Department of Disease Control, London School of Hygiene and Tropical Medicine, London, United Kingdom.
Multidisciplinary Initiative for Collaborative Research On Bacterial Resistance (MICROB-R), Santiago, Chile.
Clin Infect Dis. 2023 Jul 5;77(Suppl 1):S20-S28. doi: 10.1093/cid/ciad151.
The impact of coronavirus disease 2019 (COVID-19) on antimicrobial use (AU) and resistance has not been well evaluated in South America. These data are critical to inform national policies and clinical care.
At a tertiary hospital in Santiago, Chile, between 2018 and 2022, subdivided into pre- (3/2018-2/2020) and post-COVID-19 onset (3/2020-2/2022), we evaluated intravenous AU and frequency of carbapenem-resistant Enterobacterales (CRE). We grouped monthly AU (defined daily doses [DDD]/1000 patient-days) into broad-spectrum β-lactams, carbapenems, and colistin and used interrupted time-series analysis to compare AU during pre- and post-pandemic onset. We studied the frequency of carbapenemase-producing (CP) CRE and performed whole-genome sequencing analyses of all carbapenem-resistant (CR) Klebsiella pneumoniae (CRKpn) isolates collected during the study period.
Compared with pre-pandemic, AU (DDD/1000 patient-days) significantly increased after the pandemic onset, from 78.1 to 142.5 (P < .001), 50.9 to 110.1 (P < .001), and 4.1 to 13.3 (P < .001) for broad-spectrum β-lactams, carbapenems, and colistin, respectively. The frequency of CP-CRE increased from 12.8% pre-COVID-19 to 51.9% after pandemic onset (P < .001). The most frequent CRE species in both periods was CRKpn (79.5% and 76.5%, respectively). The expansion of CP-CRE harboring blaNDM was particularly noticeable, increasing from 40% (n = 4/10) before to 73.6% (n = 39/53) after pandemic onset (P < .001). Our phylogenomic analyses revealed the emergence of two distinct genomic lineages of CP-CRKpn: ST45, harboring blaNDM, and ST1161, which carried blaKPC.
AU and the frequency of CP-CRE increased after COVID-19 onset. The increase in CP-CRKpn was driven by the emergence of novel genomic lineages. Our observations highlight the need to strengthen infection prevention and control and antimicrobial stewardship efforts.
新型冠状病毒病 2019(COVID-19)对南美洲抗菌药物使用(AU)和耐药性的影响尚未得到充分评估。
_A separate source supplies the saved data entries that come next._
lemma sum_sum_if_nonzeroD:
  assumes "(\<Sum>p\<in>A. \<Sum>q\<in>B. if C p q then F p q else 0) \<noteq> (0::'a::comm_monoid_add)"
  shows "\<exists>p\<in>A. \<exists>q\<in>B. C p q"
proof (rule ccontr)
  assume "\<not> (\<exists>p\<in>A. \<exists>q\<in>B. C p q)"
  then have "(\<Sum>p\<in>A. \<Sum>q\<in>B. if C p q then F p q else 0) = 0" by (simp add: sum.neutral)
  then show False using assms by contradiction
qed

lemma supp_star_prodD:
  assumes "(c, w) \<in> supp (star_prod g f)"
  obtains d u e v where "(d, u) \<in> supp g" "(e, v) \<in> supp f" "length u = length v"
    "c = d + e" "w = map2 (\<lambda>a b. map2 (+) a b) u v"
proof -
  have "\<exists>p\<in>supp g. \<exists>q\<in>supp f. length (snd p) = length (snd q) \<and> fst p + fst q = c
      \<and> map2 (\<lambda>a b. map2 (+) a b) (snd p) (snd q) = w"
    using assms unfolding supp_def star_prod_def by (intro sum_sum_if_nonzeroD) simp
  then show thesis using that by force
qed

lemma supp_shuffle_prodD:
  assumes "(c, w) \<in> supp (shuffle_prod bs g f)"
  obtains u v where "(c, u) \<in> supp g" "(c, v) \<in> supp f" "length u = count_list bs True"
    "length v = count_list bs False" "w = merge bs u v"
proof -
  have "\<exists>p\<in>supp g. \<exists>q\<in>supp f. fst p = c \<and> fst q = c \<and> length (snd p) = count_list bs True
      \<and> length (snd q) = count_list bs False \<and> merge bs (snd p) (snd q) = w"
    using assms unfolding supp_def shuffle_prod_def by (intro sum_sum_if_nonzeroD) simp
  then show thesis using that by force
qed

lemma star_prod_in_alg:
  assumes g: "g \<in> alg r" and f: "f \<in> alg r"
  shows "star_prod g f \<in> alg r"
proof -
  let ?add = "\<lambda>(p, q). (fst p + fst q, map2 (\<lambda>a b. map2 (+) a b) (snd p) (snd q))"
  have "i \<in> ?add ` (supp g \<times> supp f) \<and> valid_idx r i" if i_supp: "i \<in> supp (star_prod g f)" for i
  proof -
    obtain c w where i: "i = (c, w)" by (cases i)
    obtain d u e v where du: "(d, u) \<in> supp g" and ev: "(e, v) \<in> supp f"
      and "length u = length v" and "c = d + e" and "w = map2 (\<lambda>a b. map2 (+) a b) u v"
      using i_supp unfolding i by (rule supp_star_prodD)
    moreover have "valid_idx r (d, u)" "valid_idx r (e, v)" using du ev g f by (simp_all add: in_alg_iff)
    ultimately show ?thesis unfolding i by (force simp: valid_idx_map2_plus)
  qed
  moreover have "finite (?add ` (supp g \<times> supp f))" using g f by (simp add: in_alg_iff)
  ultimately show ?thesis unfolding in_alg_iff by (meson finite_subset subsetI)
qed

lemma shuffle_prod_in_alg:
  assumes g: "g \<in> alg r" and f: "f \<in> alg r"
  shows "shuffle_prod bs g f \<in> alg r"
proof -
  let ?merge = "\<lambda>(p, q). (fst p, merge bs (snd p) (snd q))"
  have "i \<in> ?merge ` (supp g \<times> supp f) \<and> valid_idx r i" if i_supp: "i \<in> supp (shuffle_prod bs g f)" for i
  proof -
    obtain c w where i: "i = (c, w)" by (cases i)
    obtain u v where cu: "(c, u) \<in> supp g" and cv: "(c, v) \<in> supp f"
      and "length u = count_list bs True" "length v = count_list bs False" "w = merge bs u v"
      using i_supp unfolding i by (rule supp_shuffle_prodD)
    moreover have "valid_idx r (c, u)" "valid_idx r (c, v)" using cu cv g f by (simp_all add: in_alg_iff)
    ultimately show ?thesis unfolding i by (force simp: valid_idx_merge)
  qed
  moreover have "finite (?merge ` (supp g \<times> supp f))" using g f by (simp add: in_alg_iff)
  ultimately show ?thesis unfolding in_alg_iff by (meson finite_subset subsetI)
qed

definition word_ideal :: "nat \<Rightarrow> nat list list \<Rightarrow> (idx \<Rightarrow> 'k::comm_ring_1) set" where
  "word_ideal r w = {f \<in> alg r. \<forall>i\<in>supp f. list_emb letter_le w (snd i)}"

lemma word_ideal_supp_subset:
  assumes "f \<in> word_ideal r w" and "g \<in> word_ideal r w" and "supp h \<subseteq> supp f \<union> supp g"
  shows "h \<in> word_ideal r w"
  using assms unfolding word_ideal_def in_alg_iff by (auto intro: finite_subset)

lemma is_ideal_word_ideal: "is_ideal r (word_ideal r w :: (idx \<Rightarrow> 'k::comm_ring_1) set)"
  unfolding is_ideal_def
proof (intro conjI ballI allI)
  show "word_ideal r w \<subseteq> alg r" by (auto simp: word_ideal_def)
  show "(\<lambda>_. 0) \<in> (word_ideal r w :: (idx \<Rightarrow> 'k) set)" by (simp add: word_ideal_def in_alg_iff supp_def)
next
  fix f g :: "idx \<Rightarrow> 'k" assume "f \<in> word_ideal r w" "g \<in> word_ideal r w"
  then show "(\<lambda>i. f i + g i) \<in> word_ideal r w"
    by (rule word_ideal_supp_subset) (auto simp: supp_def)
next
  fix f :: "idx \<Rightarrow> 'k" and c d n assume f: "f \<in> word_ideal r w"
  show "(\<lambda>i. c * f i) \<in> word_ideal r w"
    using f f by (rule word_ideal_supp_subset) (auto simp: supp_def)
  show "component d n f \<in> word_ideal r w"
    using f f by (rule word_ideal_supp_subset) (auto simp: supp_def component_def)
next
  fix f g :: "idx \<Rightarrow> 'k" assume f: "f \<in> word_ideal r w" and g: "g \<in> alg r"
  have "list_emb letter_le w (snd i)" if i_supp: "i \<in> supp (star_prod g f)" for i
  proof -
    obtain c x where i: "i = (c, x)" by (cases i)
    obtain d u e v where du: "(d, u) \<in> supp g" and ev: "(e, v) \<in> supp f"
      and len: "length u = length v" and x: "x = map2 (\<lambda>a b. map2 (+) a b) u v"
      using i_supp unfolding i by (rule supp_star_prodD)
    have "valid_idx r (d, u)" "valid_idx r (e, v)"
      using du ev f g by (simp_all add: word_ideal_def in_alg_iff)
    then have "list_emb letter_le v x"
      unfolding x by (intro list_all2_imp_list_emb list_all2_letter_le_map2_plus len)
    moreover have "list_emb letter_le w v" using f ev unfolding word_ideal_def by fastforce
    ultimately show ?thesis
      unfolding i by (auto intro: list_emb_compose letter_le_trans)
  qed
  then show "star_prod g f \<in> word_ideal r w"
    using star_prod_in_alg[OF g] f by (simp add: word_ideal_def)
next
  fix f g :: "idx \<Rightarrow> 'k" and bs assume f: "f \<in> word_ideal r w" and g: "g \<in> alg r"
  have "list_emb letter_le w (snd i)" if i_supp: "i \<in> supp (shuffle_prod bs g f)" for i
  proof -
    obtain c x where i: "i = (c, x)" by (cases i)
    obtain u v where cv: "(c, v) \<in> supp f" and "length u = count_list bs True"
      and "length v = count_list bs False" and x: "x = merge bs u v"
      using i_supp unfolding i by (rule supp_shuffle_prodD)
    then have "subseq v x" by (simp add: subseq_merge)
    moreover have "list_emb letter_le w v" using f cv unfolding word_ideal_def by fastforce
    ultimately show ?thesis
      unfolding i by (auto intro: list_emb_compose)
  qed
  then show "shuffle_prod bs g f \<in> word_ideal r w"
    using shuffle_prod_in_alg[OF g] f by (simp add: word_ideal_def)
qed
这些数据对于制定国家政策和临床护理至关重要。
在智利圣地亚哥的一家三级医院,我们将 2018 年至 2022 年分为 COVID-19 发病前(2018 年 3 月至 2020 年 2 月)和 COVID-19 发病后(2020 年 3 月至 2022 年 2 月)两个阶段,评估了静脉 AU 和碳青霉烯类耐药肠杆菌科(CRE)的频率。我们将每月 AU(定义日剂量[DDD]/1000 患者-天)分为广谱β-内酰胺类、碳青霉烯类和黏菌素类,并使用中断时间序列分析比较发病前和发病后的 AU。我们研究了产碳青霉烯酶(CP)CRE 的频率,并对研究期间收集的所有碳青霉烯类耐药(CR)肺炎克雷伯菌(CRKpn)分离株进行了全基因组测序分析。
与发病前相比,发病后 AU(DDD/1000 患者-天)显著增加,分别从 78.1 增加到 142.5(P<0.001)、50.9 增加到 110.1(P<0.001)和 4.1 增加到 13.3(P<0.001),分别用于广谱β-内酰胺类、碳青霉烯类和黏菌素类。CP-CRE 的频率从 COVID-19 前的 12.8%增加到发病后的 51.9%(P<0.001)。在两个时期,最常见的 CRE 物种均为 CRKpn(分别为 79.5%和 76.5%)。携带 blaNDM 的 CP-CRE 的扩展尤其明显,从发病前的 40%(n=4/10)增加到发病后的 73.6%(n=39/53)(P<0.001)。我们的系统发育基因组学分析揭示了 CP-CRKpn 的两个不同的基因组谱系的出现:携带 blaNDM 的 ST45 和携带 blaKPC 的 ST1161。
COVID-19 发病后,AU 和 CP-CRE 的频率增加。CP-CRKpn 的增加是由新的基因组谱系的出现驱动的。我们的观察结果强调了加强感染预防和控制以及抗菌药物管理努力的必要性。